▶ _YOUR GOAL_
Search the records that follow and extract every line containing the string "longleftrightarrow".

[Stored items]
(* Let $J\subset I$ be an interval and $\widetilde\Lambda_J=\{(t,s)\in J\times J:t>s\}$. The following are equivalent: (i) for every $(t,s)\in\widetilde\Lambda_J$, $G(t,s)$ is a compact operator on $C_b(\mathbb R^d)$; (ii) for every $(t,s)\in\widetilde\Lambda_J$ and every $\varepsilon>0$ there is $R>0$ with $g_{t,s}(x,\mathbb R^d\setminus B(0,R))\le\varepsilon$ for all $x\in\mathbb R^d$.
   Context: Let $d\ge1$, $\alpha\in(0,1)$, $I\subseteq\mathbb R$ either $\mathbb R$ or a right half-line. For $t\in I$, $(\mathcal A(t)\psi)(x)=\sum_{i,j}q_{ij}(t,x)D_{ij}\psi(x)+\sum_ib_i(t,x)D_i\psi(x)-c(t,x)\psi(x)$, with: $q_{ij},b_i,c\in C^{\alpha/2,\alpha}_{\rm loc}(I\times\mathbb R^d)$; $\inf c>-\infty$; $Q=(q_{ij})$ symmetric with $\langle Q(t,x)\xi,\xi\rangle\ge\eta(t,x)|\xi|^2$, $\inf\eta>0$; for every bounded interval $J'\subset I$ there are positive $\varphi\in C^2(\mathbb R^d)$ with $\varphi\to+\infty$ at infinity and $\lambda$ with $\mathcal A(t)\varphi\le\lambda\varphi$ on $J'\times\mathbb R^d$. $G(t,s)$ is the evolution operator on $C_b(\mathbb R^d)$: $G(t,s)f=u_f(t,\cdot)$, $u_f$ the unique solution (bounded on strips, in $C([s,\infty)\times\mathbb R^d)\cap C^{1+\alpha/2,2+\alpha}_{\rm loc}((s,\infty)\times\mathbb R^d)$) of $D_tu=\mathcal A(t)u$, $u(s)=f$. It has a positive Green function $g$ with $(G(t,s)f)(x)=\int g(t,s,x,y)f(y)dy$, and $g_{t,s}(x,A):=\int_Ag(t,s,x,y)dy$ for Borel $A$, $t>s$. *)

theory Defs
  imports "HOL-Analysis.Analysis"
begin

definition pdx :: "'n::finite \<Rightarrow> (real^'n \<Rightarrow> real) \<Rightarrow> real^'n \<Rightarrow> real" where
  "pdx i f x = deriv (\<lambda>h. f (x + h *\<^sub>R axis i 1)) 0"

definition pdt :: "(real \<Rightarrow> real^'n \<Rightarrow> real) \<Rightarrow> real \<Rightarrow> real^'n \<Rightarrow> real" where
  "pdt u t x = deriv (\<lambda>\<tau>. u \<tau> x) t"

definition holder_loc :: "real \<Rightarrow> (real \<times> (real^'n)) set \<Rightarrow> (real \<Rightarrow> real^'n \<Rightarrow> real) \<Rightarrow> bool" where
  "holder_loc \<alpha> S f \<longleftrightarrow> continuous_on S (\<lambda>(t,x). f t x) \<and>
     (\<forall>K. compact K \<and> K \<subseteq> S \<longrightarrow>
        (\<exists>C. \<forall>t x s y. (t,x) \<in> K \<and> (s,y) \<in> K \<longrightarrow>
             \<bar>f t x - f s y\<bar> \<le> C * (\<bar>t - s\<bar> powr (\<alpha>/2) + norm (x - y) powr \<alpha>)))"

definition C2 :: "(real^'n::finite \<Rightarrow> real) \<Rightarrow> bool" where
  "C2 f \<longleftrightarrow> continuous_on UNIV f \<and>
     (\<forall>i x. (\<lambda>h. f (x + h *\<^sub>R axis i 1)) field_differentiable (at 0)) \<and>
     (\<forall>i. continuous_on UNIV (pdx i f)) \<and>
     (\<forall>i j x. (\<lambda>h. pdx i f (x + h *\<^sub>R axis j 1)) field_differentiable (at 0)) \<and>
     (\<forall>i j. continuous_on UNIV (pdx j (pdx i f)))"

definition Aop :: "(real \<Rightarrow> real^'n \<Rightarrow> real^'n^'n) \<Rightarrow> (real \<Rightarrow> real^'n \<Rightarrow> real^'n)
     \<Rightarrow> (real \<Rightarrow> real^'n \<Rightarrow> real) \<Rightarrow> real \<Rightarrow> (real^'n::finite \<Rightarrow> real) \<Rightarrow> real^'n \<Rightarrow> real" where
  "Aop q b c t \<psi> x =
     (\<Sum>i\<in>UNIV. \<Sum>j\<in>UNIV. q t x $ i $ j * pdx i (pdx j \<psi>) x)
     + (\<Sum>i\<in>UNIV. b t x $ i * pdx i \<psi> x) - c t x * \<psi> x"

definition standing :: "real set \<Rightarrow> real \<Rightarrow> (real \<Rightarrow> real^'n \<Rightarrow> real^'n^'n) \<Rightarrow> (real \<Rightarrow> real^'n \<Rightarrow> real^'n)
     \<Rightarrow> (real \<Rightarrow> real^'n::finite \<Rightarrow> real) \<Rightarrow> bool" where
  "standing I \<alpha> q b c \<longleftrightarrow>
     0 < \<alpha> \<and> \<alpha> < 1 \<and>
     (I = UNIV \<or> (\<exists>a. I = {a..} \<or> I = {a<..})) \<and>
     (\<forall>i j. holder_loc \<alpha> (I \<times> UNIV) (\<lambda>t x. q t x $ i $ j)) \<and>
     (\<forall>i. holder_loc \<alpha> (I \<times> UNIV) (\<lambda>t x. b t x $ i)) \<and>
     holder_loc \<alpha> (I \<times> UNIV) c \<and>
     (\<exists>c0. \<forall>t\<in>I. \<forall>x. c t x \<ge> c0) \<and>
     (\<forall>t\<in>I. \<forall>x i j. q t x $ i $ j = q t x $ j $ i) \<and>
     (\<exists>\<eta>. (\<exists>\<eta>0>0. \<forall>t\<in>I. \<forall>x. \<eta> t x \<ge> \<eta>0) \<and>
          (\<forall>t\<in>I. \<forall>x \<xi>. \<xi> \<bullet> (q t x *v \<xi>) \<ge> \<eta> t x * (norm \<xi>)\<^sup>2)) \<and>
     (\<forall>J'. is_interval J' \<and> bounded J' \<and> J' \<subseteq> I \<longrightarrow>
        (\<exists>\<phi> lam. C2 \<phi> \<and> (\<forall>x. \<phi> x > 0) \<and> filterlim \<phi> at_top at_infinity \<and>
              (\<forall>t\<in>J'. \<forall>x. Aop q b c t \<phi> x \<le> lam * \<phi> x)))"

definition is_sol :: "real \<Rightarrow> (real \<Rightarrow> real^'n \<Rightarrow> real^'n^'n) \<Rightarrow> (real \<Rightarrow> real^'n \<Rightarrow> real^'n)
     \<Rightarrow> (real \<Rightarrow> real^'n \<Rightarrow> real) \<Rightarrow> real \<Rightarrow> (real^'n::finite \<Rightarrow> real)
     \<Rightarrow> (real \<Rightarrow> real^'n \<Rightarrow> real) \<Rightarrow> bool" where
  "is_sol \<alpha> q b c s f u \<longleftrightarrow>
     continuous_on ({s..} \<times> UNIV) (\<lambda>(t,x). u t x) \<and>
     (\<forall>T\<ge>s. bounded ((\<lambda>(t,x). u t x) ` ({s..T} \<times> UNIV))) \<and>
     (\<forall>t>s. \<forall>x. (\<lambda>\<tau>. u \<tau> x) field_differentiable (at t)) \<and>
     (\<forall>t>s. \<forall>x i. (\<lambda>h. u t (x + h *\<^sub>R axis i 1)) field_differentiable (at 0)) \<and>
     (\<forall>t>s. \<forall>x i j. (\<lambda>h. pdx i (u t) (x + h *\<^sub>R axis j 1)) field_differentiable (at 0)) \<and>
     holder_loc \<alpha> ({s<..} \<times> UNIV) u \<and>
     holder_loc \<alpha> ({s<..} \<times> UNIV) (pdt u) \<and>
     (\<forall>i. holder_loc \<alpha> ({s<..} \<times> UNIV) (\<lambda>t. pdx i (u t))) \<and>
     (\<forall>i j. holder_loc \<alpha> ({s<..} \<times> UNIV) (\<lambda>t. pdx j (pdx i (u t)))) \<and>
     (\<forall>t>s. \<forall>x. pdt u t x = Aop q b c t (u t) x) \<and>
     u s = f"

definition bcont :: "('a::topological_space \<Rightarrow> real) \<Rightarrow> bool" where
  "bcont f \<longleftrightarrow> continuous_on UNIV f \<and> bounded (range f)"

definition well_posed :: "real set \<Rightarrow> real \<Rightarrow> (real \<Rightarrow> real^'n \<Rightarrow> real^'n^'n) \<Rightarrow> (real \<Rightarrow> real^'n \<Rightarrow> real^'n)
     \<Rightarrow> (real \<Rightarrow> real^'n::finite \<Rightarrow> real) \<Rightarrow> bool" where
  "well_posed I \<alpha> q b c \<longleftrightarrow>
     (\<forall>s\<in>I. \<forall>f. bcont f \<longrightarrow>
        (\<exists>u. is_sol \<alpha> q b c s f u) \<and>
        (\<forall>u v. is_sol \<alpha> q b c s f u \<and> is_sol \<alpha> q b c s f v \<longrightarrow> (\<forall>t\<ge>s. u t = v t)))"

▶ _TASK ANSWER_
  "holder_loc \<alpha> S f \<longleftrightarrow> continuous_on S (\<lambda>(t,x). f t x) \<and>
  "C2 f \<longleftrightarrow> continuous_on UNIV f \<and>
  "standing I \<alpha> q b c \<longleftrightarrow>
  "is_sol \<alpha> q b c s f u \<longleftrightarrow>
  "bcont f \<longleftrightarrow> continuous_on UNIV f \<and> bounded (range f)"
  "well_posed I \<alpha> q b c \<longleftrightarrow>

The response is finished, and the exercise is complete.